Ofcom Do Security

Francis Davey fjmd1a at gmail.com
Fri Aug 6 08:23:41 BST 2010

On 6 August 2010 08:00, Ian Batten <igb at batten.eu.org> wrote:
> The end result is that their elaborate password "security" is reduced to the
> password on my email account, which they cannot know the strength of,
> because I am resettting for every purchase.  I've complained, but they
> haven't had the courtesy to do more than forward it to their developers.
> Guidelines for systems handling sensitive personal data or protectively
> marked material are I think less stringent.  It's a classic case of letting
> the geeks play at security without actually thinking about usability issues.
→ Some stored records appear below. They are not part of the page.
definition walk_cylinders :: "'a measure \<Rightarrow> (nat \<Rightarrow> 'a \<Rightarrow> real) \<Rightarrow> 'a set set" where
  "walk_cylinders M \<xi> = {walk_cylinder M \<xi> n B | n B. \<forall>k. B k \<in> sets borel}"

lemma walk_cylinder_0 [simp]: "walk_cylinder M \<xi> 0 B = space M"
  unfolding walk_cylinder_def by auto

lemma walk_cylinder_Suc:
  "walk_cylinder M \<xi> (Suc n) B = walk_cylinder M \<xi> n B \<inter> (\<xi> (Suc n) -` B (Suc n) \<inter> space M)"
  unfolding walk_cylinder_def by (auto simp: atLeastAtMostSuc_conv)

lemma walk_cylinders_subset_Pow: "walk_cylinders M \<xi> \<subseteq> Pow (space M)"
  unfolding walk_cylinders_def walk_cylinder_def by auto

lemma Int_stable_walk_cylinders: "Int_stable (walk_cylinders M \<xi>)"
proof (rule Int_stableI)
  fix a b assume "a \<in> walk_cylinders M \<xi>" "b \<in> walk_cylinders M \<xi>"
  then obtain n1 B1 n2 B2 where a: "a = walk_cylinder M \<xi> n1 B1" "\<forall>k. B1 k \<in> sets borel"
    and b: "b = walk_cylinder M \<xi> n2 B2" "\<forall>k. B2 k \<in> sets borel"
    unfolding walk_cylinders_def by blast
  define B where "B k = (if k \<le> n1 then B1 k else UNIV) \<inter> (if k \<le> n2 then B2 k else UNIV)" for k
  have "\<forall>k. B k \<in> sets borel" using a b unfolding B_def by auto
  moreover have "a \<inter> b = walk_cylinder M \<xi> (max n1 n2) B"
    unfolding a b walk_cylinder_def B_def by (auto split: if_splits)
  ultimately show "a \<inter> b \<in> walk_cylinders M \<xi>" unfolding walk_cylinders_def by blast
qed

lemma walk_cylinder_in_filtration:
  assumes adm: "admissible_filtration M F \<xi>" and B: "\<And>k. B k \<in> sets borel"
  shows "walk_cylinder M \<xi> n B \<in> sets (F n)"
proof (induction n)
  case 0
  show ?case using sets.top[of "F 0"] admissible_filtration_space[OF adm] by simp
next
  case (Suc n)
  have "\<xi> (Suc n) \<in> borel_measurable (F (Suc n))"
    using adm unfolding admissible_filtration_def by auto
  from measurable_sets[OF this B]
  have "\<xi> (Suc n) -` B (Suc n) \<inter> space M \<in> sets (F (Suc n))"
    using admissible_filtration_space[OF adm] by simp
  moreover have "walk_cylinder M \<xi> n B \<in> sets (F (Suc n))"
    using Suc admissible_filtration_mono[OF adm, of n "Suc n"] by auto
  ultimately show ?case unfolding walk_cylinder_Suc by auto
qed

lemma walk_cylinders_subset_events:
  assumes "admissible_filtration M F \<xi>"
  shows "walk_cylinders M \<xi> \<subseteq> sets M"
  unfolding walk_cylinders_def
  using walk_cylinder_in_filtration[OF assms] admissible_filtration_space[OF assms] by blast

lemma walk_cylinder_indep_filtration_0:
  assumes "prob_space M" and adm: "admissible_filtration M F \<xi>"
    and B: "\<And>k. B k \<in> sets borel" and A: "A \<in> sets (F 0)"
  shows "measure M (A \<inter> walk_cylinder M \<xi> n B) = measure M A * measure M (walk_cylinder M \<xi> n B)"
proof (induction n)
  case 0
  have "A \<subseteq> space M"
    using A sets.sets_into_space admissible_filtration_space[OF adm] by blast
  then show ?case using prob_space.prob_space[OF \<open>prob_space M\<close>] by (simp add: Int_absorb2)
next
  case (Suc n)
  let ?C = "walk_cylinder M \<xi> n B" and ?X = "\<xi> (Suc n) -` B (Suc n) \<inter> space M"
  have indep_step: "measure M (E \<inter> ?X) = measure M E * measure M ?X" if "E \<in> sets (F n)" for E
    using adm B that unfolding admissible_filtration_def by blast
  have C: "?C \<in> sets (F n)" using walk_cylinder_in_filtration[OF adm B] .
  have "A \<in> sets (F n)" using A admissible_filtration_mono[OF adm, of 0 n] by auto
  with C have "measure M (A \<inter> ?C \<inter> ?X) = measure M (A \<inter> ?C) * measure M ?X"
    by (intro indep_step) auto
  also have "\<dots> = measure M A * (measure M ?C * measure M ?X)"
    using Suc by simp
  also have "measure M ?C * measure M ?X = measure M (?C \<inter> ?X)"
    using indep_step[OF C] by simp
  finally show ?case unfolding walk_cylinder_Suc by (simp add: Int_assoc)
qed

lemma indep_filtration_0_walk_events:
  assumes "prob_space M" and adm: "admissible_filtration M F \<xi>"
    and A: "A \<in> sets (F 0)" and E: "E \<in> sigma_sets (space M) (walk_cylinders M \<xi>)"
  shows "measure M (A \<inter> E) = measure M A * measure M E"
proof -
  interpret prob_space M by fact
  have "A \<in> events" using A admissible_filtration_space[OF adm] by blast
  then have "indep_set {A} (walk_cylinders M \<xi>)"
    unfolding indep_sets2_eq
    using walk_cylinders_subset_events[OF adm] walk_cylinder_indep_filtration_0[OF \<open>prob_space M\<close> adm _ A]
    by (auto simp: walk_cylinders_def)
  then have "indep_set (sigma_sets (space M) {A}) (sigma_sets (space M) (walk_cylinders M \<xi>))"
    by (rule indep_set_sigma_sets[OF _ _ Int_stable_walk_cylinders]) (auto simp: Int_stable_def)
  from indep_setD[OF this _ E] show ?thesis by (auto intro: sigma_sets.Basic)
qed

lemma xi_measurable_walk_cylinders:
  assumes "k \<ge> 1"
  shows "\<xi> k \<in> borel_measurable (sigma (space M) (walk_cylinders M \<xi>))"
proof (rule measurableI)
  fix A :: "real set" assume A: "A \<in> sets borel"
  define B where "B j = (if j = k then A else UNIV)" for j
  have "\<forall>j. B j \<in> sets borel" using A unfolding B_def by auto
  then have "walk_cylinder M \<xi> k B \<in> walk_cylinders M \<xi>"
    unfolding walk_cylinders_def by blast
  moreover have "\<xi> k -` A \<inter> space M = walk_cylinder M \<xi> k B"
    using assms unfolding walk_cylinder_def B_def by (auto split: if_splits)
  ultimately show "\<xi> k -` A \<inter> space (sigma (space M) (walk_cylinders M \<xi>))
      \<in> sets (sigma (space M) (walk_cylinders M \<xi>))"
    using walk_cylinders_subset_Pow[of M \<xi>] by (simp add: sigma_sets.Basic)
qed auto

lemma rw_measurable_walk_cylinders:
  "rw \<xi> n \<in> borel_measurable (sigma (space M) (walk_cylinders M \<xi>))"
  unfolding rw_def[abs_def] by (rule borel_measurable_sum) (auto intro: xi_measurable_walk_cylinders)

lemma mu_eq_enat_iff:
  "mu \<xi> x \<omega> = enat n \<longleftrightarrow> rw \<xi> n \<omega> > x \<and> (\<forall>k<n. rw \<xi> k \<omega> \<le> x)"
proof (cases "\<exists>n. rw \<xi> n \<omega> > x")
  case True
  then have mu: "mu \<xi> x \<omega> = enat (LEAST n. rw \<xi> n \<omega> > x)" unfolding mu_def by simp
  show ?thesis
  proof
    assume "mu \<xi> x \<omega> = enat n"
    then have "n = (LEAST n. rw \<xi> n \<omega> > x)" using mu by simp
    then show "rw \<xi> n \<omega> > x \<and> (\<forall>k<n. rw \<xi> k \<omega> \<le> x)"
      using LeastI_ex[OF True] not_less_Least by (metis not_le)
  next
    assume "rw \<xi> n \<omega> > x \<and> (\<forall>k<n. rw \<xi> k \<omega> \<le> x)"
    then have "(LEAST n. rw \<xi> n \<omega> > x) = n"
      by (intro Least_equality) (auto simp: not_less[symmetric])
    then show "mu \<xi> x \<omega> = enat n" using mu by simp
  qed
qed (auto simp: mu_def)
This was (roughly) the casus belli that caused me to give up my career
as a sysadmin.

A new boss had appeared in the firm - the "deployment manager" - but
we weren't quite ready to deploy so he was bored and had nothing to
do. He was given my team to manage and managed to do considerable
damage in his short career.

One day he breezed in and said "right, we are going to have a password
system that resets everyone's password on the first of each month and
that will store all previous passwords and prevent you from re-using
any". He absolutely could not see any problem with this. Anyone I'd
hire as a sysadmin should see instinctively that why this is almost
certainly wrong (with exceptional rare cases perhaps).

Worse, we had a mixture of machines using NT style windows passwords
and linux/solaris boxes. At the time there was no straightforward way
of managing passwords for both sets of systems and so everyone
resetting their passwords would have to do so twice and in about 50%
of cases where they had no easy access to NT systems would have to ask
me to do so (or ask a friend who did).

Even this didn't persuade him at first. Initially he tried a "and
that's an order" (her literally used those words - amazing) on me.
Eventually he conceded that it might not be our first priority.

I was by that time convinced that I wanted to do a job that was (a)
less stressful (b) less complicated and (c) where people would respect
my expertise rather than ignore it. So I became a barrister.

(he was dismissed from the company a relatively short time after I
left, so there's a happy ending 8-).